Stored data entries ->
lemma card_edges_meeting_closed_set:
  assumes G: "simple_graph V E" and "X \<subseteq> V" and closed: "\<forall>x\<in>X. \<forall>u. {x, u} \<in> E \<longrightarrow> u \<in> X"
  shows "card {e \<in> E. e \<inter> X \<noteq> {}} \<le> card X choose 2"
proof -
  have "finite X" using assms(1,2) finite_subset unfolding simple_graph_def by blast
  have "{e \<in> E. e \<inter> X \<noteq> {}} \<subseteq> {Y. Y \<subseteq> X \<and> card Y = 2}"
  proof
    fix e assume "e \<in> {e \<in> E. e \<inter> X \<noteq> {}}"
    then obtain x where x: "e \<in> E" "x \<in> e" "x \<in> X" by blast
    then have "card e = 2" using G unfolding simple_graph_def by blast
    then obtain y z where "e = {y, z}" by (meson card_2_iff)
    with x closed have "e \<subseteq> X" by (auto simp: insert_commute)
    with \<open>card e = 2\<close> show "e \<in> {Y. Y \<subseteq> X \<and> card Y = 2}" by blast
  qed
  then have "card {e \<in> E. e \<inter> X \<noteq> {}} \<le> card {Y. Y \<subseteq> X \<and> card Y = 2}"
    using \<open>finite X\<close> by (intro card_mono) (auto intro: finite_subset[of _ "Pow X"])
  also have "\<dots> = card X choose 2" using n_subsets[OF \<open>finite X\<close>] by simp
  finally show ?thesis .
qed

lemma deg_le_card_path_positions:
  assumes "simple_graph V E" "{u \<in> V. {x, u} \<in> E} \<subseteq> set P"
  shows "deg_in E V x \<le> card {j. j < length P \<and> {x, P ! j} \<in> E}"
proof -
  have "{u \<in> V. {x, u} \<in> E} \<subseteq> (!) P ` {j. j < length P \<and> {x, P ! j} \<in> E}"
  proof
    fix u assume u: "u \<in> {u \<in> V. {x, u} \<in> E}"
    then obtain j where "j < length P" "u = P ! j" using assms(2) by (metis in_set_conv_nth subsetD)
    with u show "u \<in> (!) P ` {j. j < length P \<and> {x, P ! j} \<in> E}" by blast
  qed
  then have "deg_in E V x \<le> card ((!) P ` {j. j < length P \<and> {x, P ! j} \<in> E})"
    unfolding deg_in_def by (intro card_mono) auto
  also have "\<dots> \<le> card {j. j < length P \<and> {x, P ! j} \<in> E}"
    by (intro card_image_le) auto
  finally show ?thesis .
qed

(* Posa's crossing argument: the at least t neighbours of each end all lie on P, so as
   |P| < 2t some i has hd P adjacent to P ! Suc i and P ! i adjacent to last P. *)
lemma short_longest_path_spans_cycle:
  assumes G: "simple_graph V E" and P: "is_longest_path V E P" "P \<noteq> []"
    and deg: "\<forall>v\<in>V. t \<le> deg_in E V v" and short: "length P < 2 * t"
  obtains C where "is_cycle V E C" "set C = set P"
proof -
  let ?A = "{j. j < length P \<and> {hd P, P ! j} \<in> E}"
  let ?B = "{j. j < length P \<and> {last P, P ! j} \<in> E}"
  have path: "is_path V E P" using P(1) unfolding is_longest_path_def ..
  then have ends: "hd P \<in> V" "last P \<in> V" using P(2) unfolding is_path_def by auto
  have "t \<le> card ?A"
    using deg ends(1) deg_le_card_path_positions[OF G, of "hd P" P]
      longest_path_hd_neighbour[OF P] by force
  moreover have "t \<le> card ?B"
    using deg ends(2) deg_le_card_path_positions[OF G, of "last P" P]
      longest_path_last_neighbour[OF P] by force
  moreover have "?A \<subseteq> {1..<length P}"
    using simple_graph_no_loop[OF G] P(2) by (fastforce simp: hd_conv_nth Suc_le_eq intro: gr0I)
  moreover have "Suc ` ?B \<subseteq> {1..<length P}"
  proof safe
    fix j assume j: "j < length P" "{last P, P ! j} \<in> E"
    then have "j \<noteq> length P - 1"
      using simple_graph_no_loop[OF G] P(2) by (metis insert_absorb2 last_conv_nth)
    with j show "Suc j \<in> {1..<length P}" by simp
  qed
  ultimately have "card ?A + card (Suc ` ?B) > card {1..<length P}"
    using short by (simp add: card_image)
  moreover have "card (?A \<union> Suc ` ?B) \<le> card {1..<length P}"
    using \<open>?A \<subseteq> _\<close> \<open>Suc ` ?B \<subseteq> _\<close> by (intro card_mono) auto
  ultimately have "?A \<inter> Suc ` ?B \<noteq> {}"
    using card_Un_Int[of ?A "Suc ` ?B"] by auto
  then obtain i where "Suc i < length P" "{hd P, P ! Suc i} \<in> E" "{P ! i, last P} \<in> E"
    by (auto simp: insert_commute)
  with path show thesis using is_path_close_cycle that by blast
qed

lemma choose_two_le_of_less_double: "n < 2 * t \<Longrightarrow> n choose 2 \<le> (t - 1) * n"
proof -
  assume "n < 2 * t"
  then have "n * (n - 1) \<le> n * (2 * (t - 1))" by (intro mult_le_mono2) linarith
  then have "n * (n - 1) div 2 \<le> 2 * ((t - 1) * n) div 2" by (intro div_le_mono) (simp add: ac_simps)
  then show ?thesis unfolding choose_two by simp
qed

lemma short_longest_path_sparse:
  assumes G: "simple_graph V E" and P: "is_longest_path V E P" "P \<noteq> []"
    and "\<forall>v\<in>V. t \<le> deg_in E V v" "length P < 2 * t"
  shows "card {e \<in> E. e \<inter> set P \<noteq> {}} \<le> (t - 1) * card (set P)"
proof -
  have "\<forall>x\<in>set P. \<forall>u. {x, u} \<in> E \<longrightarrow> u \<in> set P"
    using short_longest_path_spans_cycle[OF assms] longest_path_cycle_closed[OF P(1)]
      simple_graph_edge_subset[OF G] by metis
  moreover have "set P \<subseteq> V" "distinct P"
    using P(1) unfolding is_longest_path_def is_path_def by auto
  ultimately have "card {e \<in> E. e \<inter> set P \<noteq> {}} \<le> card (set P) choose 2"
    using card_edges_meeting_closed_set[OF G] by blast
  also have "\<dots> \<le> (t - 1) * card (set P)"
    using \<open>distinct P\<close> assms(5) by (intro choose_two_le_of_less_double) (simp add: distinct_card)
  finally show ?thesis .
qed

Work required -> Word for word, restate the lines of the data above that fall between the line holding "(?A \<union> Suc" and the line holding "(intro mult_le_mono2) linarith", inclusive, and no other lines.

Exercise result ->
  moreover have "card (?A \<union> Suc ` ?B) \<le> card {1..<length P}"
    using \<open>?A \<subseteq> _\<close> \<open>Suc ` ?B \<subseteq> _\<close> by (intro card_mono) auto
  ultimately have "?A \<inter> Suc ` ?B \<noteq> {}"
    using card_Un_Int[of ?A "Suc ` ?B"] by auto
  then obtain i where "Suc i < length P" "{hd P, P ! Suc i} \<in> E" "{P ! i, last P} \<in> E"
    by (auto simp: insert_commute)
  with path show thesis using is_path_close_cycle that by blast
qed

lemma choose_two_le_of_less_double: "n < 2 * t \<Longrightarrow> n choose 2 \<le> (t - 1) * n"
proof -
  assume "n < 2 * t"
  then have "n * (n - 1) \<le> n * (2 * (t - 1))" by (intro mult_le_mono2) linarith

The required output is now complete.